[[ Data to use, beginning ]]
lemma coprime_geom_poly:
  fixes c :: rat
  assumes "coprime a b" "a > 0" "c \<noteq> 0"
  shows "coprime (geom_poly c a) (geom_poly c b)"
proof (rule coprime_if_no_common_complex_root)
  show "geom_poly c a \<noteq> 0" using assms(2) by (rule geom_poly_nonzero)
  define C :: complex where "C = of_rat c"
  have "C \<noteq> 0" using assms(3) by (simp add: C_def)
  have map: "map_poly of_rat (geom_poly c k) = geom_poly C k" for k
    unfolding C_def by (rule map_poly_geom_poly) (simp_all add: of_rat_power)
  fix z :: complex
  assume za: "poly (map_poly of_rat (geom_poly c a)) z = 0"
  show "poly (map_poly of_rat (geom_poly c b)) z \<noteq> 0"
  proof
    assume zb: "poly (map_poly of_rat (geom_poly c b)) z = 0"
    have "(z / C) ^ a = 1" "(z / C) ^ b = 1"
      using za zb \<open>C \<noteq> 0\<close> unfolding map power_divide
      by (simp_all add: power_eq_power_if_poly_geom_poly_eq_0)
    then have "z / C = 1"
      by (rule eq_1_if_powers_eq_1_coprime[OF assms(1,2)])
    then have "z = C"
      using \<open>C \<noteq> 0\<close> by simp
    then show False
      using za poly_geom_poly_base_neq_0[OF assms(2) \<open>C \<noteq> 0\<close>] unfolding map by simp
  qed
qed

lemma dvd_if_geom_poly_dvd_binomial:
  fixes c a :: complex
  assumes "k \<ge> 3" "c \<noteq> 0" "geom_poly c k dvd monom 1 m - [:a:]"
  shows "k dvd m"
proof -
  have root: "z ^ m = a" if "z \<noteq> c" "z ^ k = c ^ k" for z
  proof -
    have "poly (monom 1 m - [:a:]) z = 0"
      using assms(3) poly_geom_poly_eq_0_iff[OF that(1)] that(2)
      by (meson dvd_trans poly_eq_0_iff_dvd)
    then show ?thesis by (simp add: poly_monom)
  qed
  define w where "w = cis (2 * pi / real k)"
  have w: "w ^ j = 1 \<longleftrightarrow> k dvd j" for j
    unfolding w_def using assms(1) by (intro cis_2pi_div_power_eq_1_iff) simp
  have "k \<noteq> 0" "\<not> k dvd 1" "\<not> k dvd 2" using assms(1) by (auto dest: dvd_imp_le)
  then have "w \<noteq> 1" "w ^ 2 \<noteq> 1" "w ^ k = 1" "(w ^ 2) ^ k = 1"
    using w[of 1] w[of 2] w[of k] w[of "2 * k"] by (simp_all flip: power_mult)
  then have "(c * w) ^ m = a" "(c * w ^ 2) ^ m = a"
    using assms(2) by (intro root; simp add: power_mult_distrib)+
  then have "c ^ m * w ^ m = c ^ m * (w ^ m) ^ 2"
    by (metis power_mult_distrib power_mult mult.commute)
  then have "w ^ m = (w ^ m) ^ 2"
    using assms(2) by simp
  moreover have "w \<noteq> 0" unfolding w_def by (rule cis_neq_zero)
  ultimately have "w ^ m = 1" by (simp add: power2_eq_square)
  then show ?thesis using w by blast
qed

lemma binomial_multiple_prod_geom_poly:
  fixes c :: rat
  assumes "finite Q" "pairwise coprime Q" "\<And>k. k \<in> Q \<Longrightarrow> k > 0" "c \<noteq> 0"
  shows "binomial_multiple (\<Prod>k\<in>Q. geom_poly c k) (\<Prod>Q) (c ^ \<Prod>Q)"
  unfolding binomial_multiple_def
proof
  show "1 \<le> \<Prod>Q" using assms(3) by (simp add: Suc_le_eq prod_pos)
  show "(\<Prod>k\<in>Q. geom_poly c k) dvd monom 1 (\<Prod>Q) - [:c ^ \<Prod>Q:]"
  proof (rule prod_dvd_if_pairwise_coprime)
    show "pairwise (\<lambda>j k. coprime (geom_poly c j) (geom_poly c k)) Q"
      using assms(2-4) by (auto simp: pairwise_def coprime_geom_poly)
    show "geom_poly c k dvd monom 1 (\<Prod>Q) - [:c ^ \<Prod>Q:]" if "k \<in> Q" for k
      using assms(1) that by (intro geom_poly_dvd_binomial dvd_prodI[of Q k id, simplified])
  qed (rule assms(1))
qed

lemma prod_dvd_if_binomial_multiple_prod_geom_poly:
  fixes c :: rat
  assumes "finite Q" "pairwise coprime Q" "\<And>k. k \<in> Q \<Longrightarrow> k \<ge> 3" "c \<noteq> 0"
    and "binomial_multiple (\<Prod>k\<in>Q. geom_poly c k) m a"
  shows "\<Prod>Q dvd m"
proof (rule prod_dvd_if_pairwise_coprime[where f = id, simplified])
  fix k assume "k \<in> Q"
  have map: "map_poly of_rat (geom_poly c j) = geom_poly (of_rat c :: complex) j" for j
    by (rule map_poly_geom_poly) (simp_all add: of_rat_power)
  have "geom_poly (of_rat c) k dvd (\<Prod>j\<in>Q. geom_poly (of_rat c :: complex) j)"
    using assms(1) \<open>k \<in> Q\<close> by (rule dvd_prodI)
  also have "\<dots> = map_poly of_rat (\<Prod>j\<in>Q. geom_poly c j)"
    by (simp add: map_poly_of_rat_prod map)
  also have "\<dots> dvd map_poly of_rat (monom 1 m - [:a:])"
    using assms(5) unfolding binomial_multiple_def by (simp add: map_poly_of_rat_dvd)
  finally show "k dvd m"
    using assms(3)[OF \<open>k \<in> Q\<close>] assms(4)
    by (intro dvd_if_geom_poly_dvd_binomial[of k "of_rat c" m "of_rat a"])
      (simp_all add: map_poly_of_rat_binomial)
qed (use assms(1,2) in \<open>simp_all add: pairwise_def\<close>)

section \<open>A lower bound for common multiples of n+1, ..., 2n+1\<close>

definition binomial_recip_sum :: "nat \<Rightarrow> real \<Rightarrow> real" where
  "binomial_recip_sum n a = (\<Sum>j\<le>n. (-1) ^ j * real (n choose j) / (a + real j))"

lemma binomial_recip_sum_Suc:
  "binomial_recip_sum (Suc n) a = binomial_recip_sum n a - binomial_recip_sum n (a + 1)"
proof -
  define g where "g j = (-1) ^ j * real (n choose j) / (a + real j)" for j
  have "binomial_recip_sum (Suc n) a
      = 1 / a + (\<Sum>j\<le>n. (-1) ^ Suc j * real (Suc n choose Suc j) / (a + real (Suc j)))"
    unfolding binomial_recip_sum_def by (subst sum.atMost_Suc_shift) simp
  also have "(\<Sum>j\<le>n. (-1) ^ Suc j * real (Suc n choose Suc j) / (a + real (Suc j)))
      = (\<Sum>j\<le>n. g (Suc j)) - binomial_recip_sum n (a + 1)"
    unfolding g_def binomial_recip_sum_def sum_subtractf[symmetric]
    by (intro sum.cong) (simp_all add: add_divide_distrib diff_divide_distrib algebra_simps)
  also have "(\<Sum>j\<le>n. g (Suc j)) = (\<Sum>j\<le>Suc n. g j) - g 0"
    by (subst sum.atMost_Suc_shift) simp
  also have "(\<Sum>j\<le>Suc n. g j) = (\<Sum>j\<le>n. g j)"
    by (simp add: g_def)
  finally show ?thesis unfolding binomial_recip_sum_def g_def by simp
qed

lemma binomial_recip_sum_eq: "a > 0 \<Longrightarrow> binomial_recip_sum n a = fact n / pochhammer a (Suc n)"
proof (induction n arbitrary: a)
  case 0
  then show ?case by (simp add: binomial_recip_sum_def)
next
  case (Suc n)
  define Q where "Q = pochhammer (a + 1) n"
  define D where "D = a + 1 + real n"
  have "Q > 0" unfolding Q_def using Suc.prems by (intro pochhammer_pos) simp
  have "D > 0" unfolding D_def using Suc.prems by simp
  have p1: "pochhammer a (Suc n) = a * Q"
    unfolding Q_def by (rule pochhammer_rec)
  have p2: "pochhammer (a + 1) (Suc n) = Q * D"
    unfolding Q_def D_def by (rule pochhammer_Suc)
  have p3: "pochhammer a (Suc (Suc n)) = a * Q * D"
    unfolding D_def by (simp only: pochhammer_Suc[of a "Suc n"] p1) simp
  have "fact n / (a * Q) - fact n / (Q * D) = fact (Suc n) / (a * Q * D)"
    using Suc.prems \<open>Q > 0\<close> \<open>D > 0\<close> by (simp add: field_simps) (simp add: D_def algebra_simps)
  then show ?case
    using Suc by (simp only: binomial_recip_sum_Suc Suc.IH p1 p2 p3)
qed

lemma binomial_recip_sum_central: "binomial_recip_sum n (real n + 1) = fact n * fact n / fact (2 * n + 1)"
proof -
  have "(fact (2 * n + 1) :: real) = pochhammer 1 (n + Suc n)"
    by (simp add: pochhammer_fact mult_2)
  also have "\<dots> = pochhammer 1 n * pochhammer (1 + real n) (Suc n)"
    by (rule pochhammer_product')
  also have "\<dots> = fact n * pochhammer (real n + 1) (Suc n)"
    by (simp add: pochhammer_fact add.commute)
  finally show ?thesis
    by (simp add: binomial_recip_sum_eq)
qed

lemma four_power_mult_fact_le: "4 ^ n * fact n * fact n \<le> (fact (2 * n + 1) :: nat)"
proof (induction n)
  case (Suc n)
  have "4 ^ Suc n * fact (Suc n) * fact (Suc n) = (4 * (n + 1) * (n + 1)) * (4 ^ n * fact n * fact n :: nat)"
    by (simp add: algebra_simps)
  also have "\<dots> \<le> ((2 * n + 3) * (2 * n + 2)) * fact (2 * n + 1)"
  proof (rule mult_mono)
    show "4 * (n + 1) * (n + 1) \<le> (2 * n + 3) * (2 * n + 2)"
      by (simp add: algebra_simps)
  qed (use Suc in simp_all)
  also have "\<dots> = fact (2 * Suc n + 1)"
    by (simp add: algebra_simps)
  finally show ?case .
qed simp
[[ Data to use, end ]]
(Work instruction)
The lines above from the one with "then show ?case by" through the one with "unfolding Q_def by (rule pochhammer_rec)" are to be duplicated exactly, ends included, with nothing added.

(Task result)
  then show ?case by (simp add: binomial_recip_sum_def)
next
  case (Suc n)
  define Q where "Q = pochhammer (a + 1) n"
  define D where "D = a + 1 + real n"
  have "Q > 0" unfolding Q_def using Suc.prems by (intro pochhammer_pos) simp
  have "D > 0" unfolding D_def using Suc.prems by simp
  have p1: "pochhammer a (Suc n) = a * Q"
    unfolding Q_def by (rule pochhammer_rec)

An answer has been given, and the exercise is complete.